RECORD EXCERPTS>
(* Let $r\in(0,\pi/2)$. There exist $\varepsilon=\varepsilon(r)>0$ and $c=c(r)>0$ with the following property. Let $h\in S^2_+\cap E_r(S^1)$, and let $\eta\in L^2_0(\mathbb{R})$ and $f\in E(S^1)$ satisfy $\max\{\|f-h\|_\infty,\|\eta\|_\infty\}\le\varepsilon$. Then \[ \int_0^\pi\int_\alpha^\pi p_{\alpha,\beta}(f)\sin(\Delta^h_{\alpha,\beta}+\Delta^\eta_{\alpha,\beta})(\Delta^v_{\alpha,\beta})^2\,d\beta\,d\alpha\ge c\|v\|_2^2 \] for all $v\in L^2_0(\mathbb{R})$.
   Context: $E(S^1)$ is the set of $1$-Lipschitz $f:\mathbb{R}\to\mathbb{R}$ (write $f_\alpha=f(\alpha)$) with $f_{\alpha+\pi}+f_\alpha=\pi$ for all $\alpha$, with the sup norm. $S^1\subset E(S^1)$ is the set of functions $\alpha\mapsto\arccos(\cos(\alpha-\tau))$. $S^2_+\subset E(S^1)$ is the set of functions $\alpha\mapsto\arccos(\cos(d)\cos(\alpha-\tau))$ with $\tau\in\mathbb{R}$, $d\in[0,\pi/2]$. $E_r(S^1)=\{f\in E(S^1):f_\alpha\in[r,\pi-r]\ \forall\alpha\}$. For $f\in E(S^1)\setminus S^1$ (values in $(0,\pi)$) and $\beta-\alpha\notin\pi\mathbb{Z}$, \[ p_{\alpha,\beta}(f)=\frac{1-\cos(\beta-\alpha)^2-\cos(f_\alpha)^2-\cos(f_\beta)^2+2\cos(\beta-\alpha)\cos(f_\alpha)\cos(f_\beta)}{\sin(\beta-\alpha)^2\sin(f_\alpha)^2\sin(f_\beta)^2}. \] For $h_\alpha=\arccos(\cos(d)\cos(\alpha-\tau))$ in $S^2_+\setminus S^1$, let $p_\alpha(h)=\sin(d)/\sin(h_\alpha)^2$. Let $\nu_h:\mathbb{R}\to\mathbb{R}$ be the unique Lipschitz function with $\nu_h(0)=0$ and $\nu_h'(\alpha)=p_\alpha(h)$. Set $\Delta^h_{\alpha,\beta}=\nu_h(\beta)-\nu_h(\alpha)$ and $\Delta^\eta_{\alpha,\beta}=\eta(\beta)-\eta(\alpha)$. $L^2_0(\mathbb{R})$ is the space of $\pi$-periodic $\eta\in L^2_{\rm loc}(\mathbb{R})$ with $\int_0^\pi\eta=0$, with norm $\|\eta\|_2^2=\pi\int_0^\pi\eta(t)^2\,dt$. *)

theory Defs
  imports "HOL-Analysis.Analysis"
begin

definition E_S1 :: "(real \<Rightarrow> real) set" where
  "E_S1 = {f. lipschitz_on 1 UNIV f \<and> (\<forall>a. f (a + pi) + f a = pi)}"

definition S1 :: "(real \<Rightarrow> real) set" where
  "S1 = {f. \<exists>\<tau>. f = (\<lambda>a. arccos (cos (a - \<tau>)))}"
theorem corollary1:
  fixes N :: nat and P :: "nat \<Rightarrow> nat \<Rightarrow> real"
  assumes N: "N \<ge> 2"
    and stoch: "stochastic {1..N} P"
    and irred: "irreducible_chain {1..N} P"
    and prim: "\<forall>k\<in>{1..N}. \<exists>n0. \<forall>n>n0. \<forall>i\<in>{1..N} - {k}. \<forall>j\<in>{1..N} - {k}.
                  mpow ({1..N} - {k}) P n i j > 0"
  shows
   "(\<forall>i\<in>{1..N}. \<forall>j\<in>{1..N}. \<forall>p q.
       decay_rate {1..N} P i > decay_rate {1..N} P j \<longrightarrow>
       prob_vec {1..N} p \<longrightarrow> prob_vec {1..N} q \<longrightarrow> q j < 1 \<longrightarrow>
       (\<exists>n0. \<forall>n\<ge>n0. survival {1..N} P i n p < survival {1..N} P j n q))
  \<and> (\<forall>\<sigma> p. bij_betw \<sigma> {1..N} {1..N} \<longrightarrow>
       (\<forall>a\<in>{1..<N}. decay_rate {1..N} P (\<sigma> (a + 1)) < decay_rate {1..N} P (\<sigma> a)) \<longrightarrow>
       decay_rate {1..N} P (\<sigma> 1) < \<infinity> \<longrightarrow>
       (\<forall>i\<in>{1..N}. prob_vec {1..N} (p i) \<and> p i i < 1) \<longrightarrow>
       (\<exists>n0. \<forall>n\<ge>n0. \<forall>a\<in>{1..<N}.
          survival {1..N} P (\<sigma> a) n (p (\<sigma> a)) < survival {1..N} P (\<sigma> (a + 1)) n (p (\<sigma> (a + 1)))))
  \<and> (\<forall>i\<in>{1..N}. (\<forall>k\<in>{1..N} - {i}. decay_rate {1..N} P i > decay_rate {1..N} P k) \<longrightarrow>
       (\<forall>p. \<forall>k\<in>{1..N} - {i}. prob_vec {1..N} p \<longrightarrow> p k < 1 \<longrightarrow>
          (\<exists>n0. \<forall>n\<ge>n0. survival {1..N} P i n p < survival {1..N} P k n p)))"
proof -
  let ?S = "{1..N::nat}"
  have nn: "\<forall>a\<in>?S. \<forall>b\<in>?S. P a b \<ge> 0" using stoch unfolding stochastic_def by auto
  have ne: "?S - {k} \<noteq> {}" for k
  proof -
    have "(if k = 1 then 2 else 1) \<in> ?S - {k}" using N by auto
    thus ?thesis by blast
  qed
  have cmp: "\<forall>\<^sub>F n in sequentially. survival ?S P i n p < survival ?S P j n q"
    if "i \<in> ?S" "j \<in> ?S" "decay_rate ?S P i > decay_rate ?S P j"
      "prob_vec ?S p" "prob_vec ?S q" "q j < 1" for i j p q
    using that nn prim ne pf_eigenvalue_nonneg[OF _ ne]
    by (intro survival_eventually_less decay_rate_less_imp_pf_eigenvalue_less) auto
  have chain: "\<forall>\<^sub>F n in sequentially. \<forall>a\<in>{1..<N}.
      survival ?S P (\<sigma> a) n (p (\<sigma> a)) < survival ?S P (\<sigma> (a + 1)) n (p (\<sigma> (a + 1)))"
    if "bij_betw \<sigma> ?S ?S" "\<forall>a\<in>{1..<N}. decay_rate ?S P (\<sigma> (a + 1)) < decay_rate ?S P (\<sigma> a)"
      "\<forall>i\<in>?S. prob_vec ?S (p i) \<and> p i i < 1" for \<sigma> p
    using that bij_betw_apply[OF that(1)] by (intro eventually_ball_finite ballI cmp) auto
  show ?thesis
    unfolding eventually_sequentially[symmetric] using cmp chain by auto
qed

end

YOUR OBJECTIVE> Above are the entries. Quote exactly the lines from the one bearing "j < 1 \<longrightarrow>" through the one bearing "(\<sigma> (a + 1)))))".

THE COMPLETED TASK>
       prob_vec {1..N} p \<longrightarrow> prob_vec {1..N} q \<longrightarrow> q j < 1 \<longrightarrow>
       (\<exists>n0. \<forall>n\<ge>n0. survival {1..N} P i n p < survival {1..N} P j n q))
  \<and> (\<forall>\<sigma> p. bij_betw \<sigma> {1..N} {1..N} \<longrightarrow>
       (\<forall>a\<in>{1..<N}. decay_rate {1..N} P (\<sigma> (a + 1)) < decay_rate {1..N} P (\<sigma> a)) \<longrightarrow>
       decay_rate {1..N} P (\<sigma> 1) < \<infinity> \<longrightarrow>
       (\<forall>i\<in>{1..N}. prob_vec {1..N} (p i) \<and> p i i < 1) \<longrightarrow>
       (\<exists>n0. \<forall>n\<ge>n0. \<forall>a\<in>{1..<N}.
          survival {1..N} P (\<sigma> a) n (p (\<sigma> a)) < survival {1..N} P (\<sigma> (a + 1)) n (p (\<sigma> (a + 1)))))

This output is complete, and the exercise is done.